- Born: 1840 Limerick, Ireland
- Died: 10 March 1901 (aged 60–61) Shropshire, England
- Occupation: Surgeon-general
- Children: 4
- Parents: William Ringrose Gore, M.D. (father); Mary Jeners Wilson (mother);

= Albert Augustus Gore =

Irish surgeon-general

Albert Augustus Gore (1840 – 10 March 1901) was an Irish surgeon-general.

==Biography==
Gore born at Limerick in 1840, was eldest son of William Ringrose Gore, M.D., by his wife, Mary Jeners Wilson. He was educated in London, Paris, and Dublin, taking honours in science and medicine at Queen's College, Cork, in 1858, graduating M.D. at the Queen's University, Ireland, and being admitted L.R.C.S., Ireland, in 1860. He joined the army medical staff in 1861, and was appointed assistant surgeon to the 16th lancers.
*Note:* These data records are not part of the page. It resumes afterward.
lemma infsum_le_nn_integral_count_space:
  fixes f :: "'a \<Rightarrow> ennreal"
  shows "infsum f A \<le> (\<integral>\<^sup>+x. f x \<partial>count_space A)"
proof -
  have "sum f F \<le> (\<integral>\<^sup>+x. f x \<partial>count_space A)" if "finite F" "F \<subseteq> A" for F
  proof -
    have "sum f F = (\<integral>\<^sup>+x. f x \<partial>count_space F)"
      using that by (simp add: nn_integral_count_space_finite)
    also have "\<dots> = (\<integral>\<^sup>+x. f x * indicator F x \<partial>count_space UNIV)"
      by (simp add: nn_integral_count_space_indicator)
    also have "\<dots> \<le> (\<integral>\<^sup>+x. f x * indicator A x \<partial>count_space UNIV)"
      using that by (intro nn_integral_mono) (auto split: split_indicator)
    finally show ?thesis
      by (simp add: nn_integral_count_space_indicator)
  qed
  then show ?thesis
    by (subst nonneg_infsum_complete) (auto intro!: SUP_least)
qed

lemma jump_weight_le_shell_weights:
  fixes Q :: "(real \<times> real) set"
  assumes "Q \<inter> ({..<0} \<times> UNIV) = {}"
  shows "ennreal (snd p) * indicator {p\<in>Q. fst p \<le> T} p \<le>
    ennreal (snd p) * indicator (Q \<inter> ({0..T} \<times> {1<..})) p +
    (\<Sum>k. ennreal ((1/2)^k) * indicator (Q \<inter> ({0..T} \<times> small_shell k)) p)"
proof (cases "p \<in> Q \<and> fst p \<le> T \<and> 0 < snd p")
  case False
  then have vanish: "ennreal (snd p) * indicator {p\<in>Q. fst p \<le> T} p = 0"
    by (auto simp: indicator_def ennreal_eq_0_iff)
  show ?thesis
    by (subst vanish) simp
next
  case True
  then have p: "p \<in> Q" "0 \<le> fst p" "fst p \<le> T" "0 < snd p"
    using assms by (cases p; auto simp: not_le)+
  show ?thesis
  proof (cases "1 < snd p")
    case True
    with p have "ennreal (snd p) * indicator {p\<in>Q. fst p \<le> T} p =
        ennreal (snd p) * indicator (Q \<inter> ({0..T} \<times> {1<..})) p"
      by (cases p) simp
    then show ?thesis
      by (simp add: add_increasing2)
  next
    case False
    then obtain k where k: "snd p \<in> small_shell k"
      using small_shell_cover[OF p(4)] by (meson not_less)
    with p have "ennreal (snd p) * indicator {p\<in>Q. fst p \<le> T} p \<le>
        ennreal ((1/2)^k) * indicator (Q \<inter> ({0..T} \<times> small_shell k)) p"
      by (cases p) (simp add: small_shell_def ennreal_leI)
    also have "\<dots> \<le> (\<Sum>j. ennreal ((1/2)^j) * indicator (Q \<inter> ({0..T} \<times> small_shell j)) p)"
      using sum_le_suminf[OF summableI, of "{k}"] by simp
    finally show ?thesis
      by (simp add: add_increasing)
  qed
qed

lemma jump_sum_less_top:
  fixes Q :: "(real \<times> real) set"
  assumes "Q \<inter> ({..<0} \<times> UNIV) = {}"
    and finite_large: "finite (Q \<inter> ({0..T} \<times> {1<..}))"
    and finite_small: "(\<Sum>k. ennreal ((1/2)^k) *
      emeasure (count_space UNIV) (Q \<inter> ({0..T} \<times> small_shell k))) < \<infinity>"
  shows "jump_sum Q T < \<infinity>"
proof -
  define L where "L = Q \<inter> ({0..T} \<times> {1<..})"
  define S where "S k = Q \<inter> ({0..T} \<times> small_shell k)" for k
  have "jump_sum Q T \<le> (\<integral>\<^sup>+p. ennreal (snd p) \<partial>count_space {p\<in>Q. fst p \<le> T})"
    unfolding jump_sum_def by (rule infsum_le_nn_integral_count_space)
  also have "\<dots> = (\<integral>\<^sup>+p. ennreal (snd p) * indicator {p\<in>Q. fst p \<le> T} p \<partial>count_space UNIV)"
    by (simp add: nn_integral_count_space_indicator)
  also have "\<dots> \<le> (\<integral>\<^sup>+p. ennreal (snd p) * indicator L p +
      (\<Sum>k. ennreal ((1/2)^k) * indicator (S k) p) \<partial>count_space UNIV)"
    unfolding L_def S_def using assms(1) by (intro nn_integral_mono jump_weight_le_shell_weights)
  also have "\<dots> = (\<Sum>p\<in>L. ennreal (snd p)) + (\<Sum>k. ennreal ((1/2)^k) * emeasure (count_space UNIV) (S k))"
    using finite_large
    by (simp add: nn_integral_add nn_integral_suminf nn_integral_cmult_indicator
        nn_integral_count_space_indicator[symmetric] nn_integral_count_space_finite L_def)
  also have "\<dots> < \<infinity>"
    using finite_small finite_large by (simp add: S_def L_def less_top ennreal_sum_eq_top)
  finally show ?thesis .
qed

section \<open>The multistable intensity\<close>

lemma emeasure_density_le_const:
  assumes "f \<in> borel_measurable M" "S \<in> sets M" "\<And>x. x \<in> S \<Longrightarrow> f x \<le> C"
  shows "emeasure (density M f) S \<le> C * emeasure M S"
proof -
  have "emeasure (density M f) S \<le> (\<integral>\<^sup>+x. C * indicator S x \<partial>M)"
    using assms by (simp add: emeasure_density) (intro nn_integral_mono; simp split: split_indicator)
  with assms(2) show ?thesis
    by (simp add: nn_integral_cmult_indicator)
qed

lemma emeasure_density_ge_const:
  assumes "f \<in> borel_measurable M" "S \<in> sets M" "\<And>x. x \<in> S \<Longrightarrow> C \<le> f x"
  shows "C * emeasure M S \<le> emeasure (density M f) S"
proof -
  have "(\<integral>\<^sup>+x. C * indicator S x \<partial>M) \<le> emeasure (density M f) S"
    using assms by (simp add: emeasure_density) (intro nn_integral_mono; simp split: split_indicator)
  with assms(2) show ?thesis
    by (simp add: nn_integral_cmult_indicator)
qed

lemma emeasure_lborel_Times:
  "A \<in> sets borel \<Longrightarrow> B \<in> sets borel \<Longrightarrow>
    emeasure (lborel :: (real \<times> real) measure) (A \<times> B) = emeasure lborel A * emeasure lborel B"
  by (metis lborel.emeasure_pair_measure_Times lborel_prod sets_lborel)

lemma emeasure_lborel_small_shell: "emeasure lborel (small_shell k) = ennreal ((1/2)^Suc k)"
proof -
  have "((1::real)/2)^Suc k \<le> (1/2)^k"
    by (intro power_decreasing) auto
  then show ?thesis
    by (simp add: small_shell_def)
qed

lemma emeasure_lborel_large_shell: "emeasure lborel (large_shell k) = ennreal (2^k)"
  by (simp add: large_shell_def)

lemma suminf_ennreal_geometric_less_top:
  fixes c r :: real
  assumes "0 \<le> c" "0 \<le> r" "r < 1"
  shows "(\<Sum>k. ennreal (c * r^k)) < \<infinity>"
proof -
  have "summable (\<lambda>k. c * r^k)"
    using assms by (intro summable_mult summable_geometric) auto
  then have "(\<Sum>k. ennreal (c * r^k)) \<noteq> \<top>"
    using assms by (intro ennreal_suminf_neq_top) auto
  then show ?thesis
    by (simp add: less_top)
qed

definition multistable_density :: "(real \<Rightarrow> real) \<Rightarrow> real \<times> real \<Rightarrow> ennreal" where
  "multistable_density \<beta> =
    (\<lambda>(t, x). if 0 \<le> t \<and> 0 < x then ennreal (\<beta> t * x powr (- \<beta> t - 1)) else 0)"

lemma multistable_intensity_eq_density: "multistable_intensity \<beta> = density lborel (multistable_density \<beta>)"
  by (simp add: multistable_intensity_def multistable_density_def)

lemma sets_multistable_intensity [simp]: "sets (multistable_intensity \<beta>) = sets borel"
  by (simp add: multistable_intensity_eq_density)

lemma multistable_density_measurable:
  assumes "continuous_on {0..} \<beta>"
  shows "multistable_density \<beta> \<in> borel_measurable lborel"
proof -
  define \<beta>' where "\<beta>' t = (if t \<in> {0..} then \<beta> t else 0)" for t :: real
  have [measurable]: "\<beta>' \<in> borel_measurable borel"
    unfolding \<beta>'_def by (rule borel_measurable_continuous_on_if) (use assms in auto)
  have "multistable_density \<beta> =
      (\<lambda>(t, x). if 0 \<le> t \<and> 0 < x then ennreal (\<beta>' t * x powr (- \<beta>' t - 1)) else 0)"
    by (auto simp: fun_eq_iff multistable_density_def \<beta>'_def)
  also have "\<dots> \<in> borel_measurable (borel \<Otimes>\<^sub>M borel)"
    by measurable
  finally show ?thesis
    by (simp add: borel_prod)
qed

lemma emeasure_multistable_intensity_le:
  assumes "continuous_on {0..} \<beta>" "S \<in> sets borel"
    and "\<And>t x. (t, x) \<in> S \<Longrightarrow> 0 \<le> t \<Longrightarrow> 0 < x \<Longrightarrow> \<beta> t * x powr (- \<beta> t - 1) \<le> C"
  shows "emeasure (multistable_intensity \<beta>) S \<le> ennreal C * emeasure lborel S"
  unfolding multistable_intensity_eq_density using assms
  by (intro emeasure_density_le_const multistable_density_measurable)
    (auto simp: multistable_density_def ennreal_leI)

lemma emeasure_multistable_intensity_ge:
  assumes "continuous_on {0..} \<beta>" "S \<in> sets borel" "S \<subseteq> {0..} \<times> {0<..}"
    and "\<And>t x. (t, x) \<in> S \<Longrightarrow> C \<le> \<beta> t * x powr (- \<beta> t - 1)"
  shows "ennreal C * emeasure lborel S \<le> emeasure (multistable_intensity \<beta>) S"
  unfolding multistable_intensity_eq_density using assms
  by (intro emeasure_density_ge_const multistable_density_measurable)
    (auto simp: multistable_density_def ennreal_leI)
When the regimental service was reduced he volunteered for service in West Africa, and took part in the bombardment and destruction of the Timni town of Massougha, on the Sierra Leone river, on 10 December 1861, the attack on Madoukia on 27 December, and the storming and capture of the stockaded fetish town of Rohea on 28 December. He was mentioned in general orders for his services and for bravery in bringing in a wounded officer. In 1868, he was recommended for promotion on account of services rendered during an epidemic of yellow fever at Sierra Leone. He acted as sanitary officer to the quartermaster-general's staff during the Ashanti war in 1873, and was severely wounded in the action of 3 November near Dunquah, and again at Quarman on 17 November. After six years' service at various base hospitals and as principal medical officer of the army of occupation in Egypt (1882), Gore was appointed principal medical officer north-west district, Mhow division, central India, and afterwards in a similar position to the forces in India. In this capacity he was responsible for the medical arrangements of the Chitral and North-West Frontier campaigns of 1896 and 1897. He retired from the army in 1898, was made C.B. in 1899, and was granted a distinguished service pension.

He died at his residence, Dodington Lodge, Whitchurch, Shropshire, on 10 March 1901. He married in 1866 Rebecca, daughter of John White, by whom he had two sons and two daughters.

Gore was author of:
- ‘A Medical History of our West African Campaigns,’ 1876.
- ‘The Story of our Service under the Crown,’ 1879.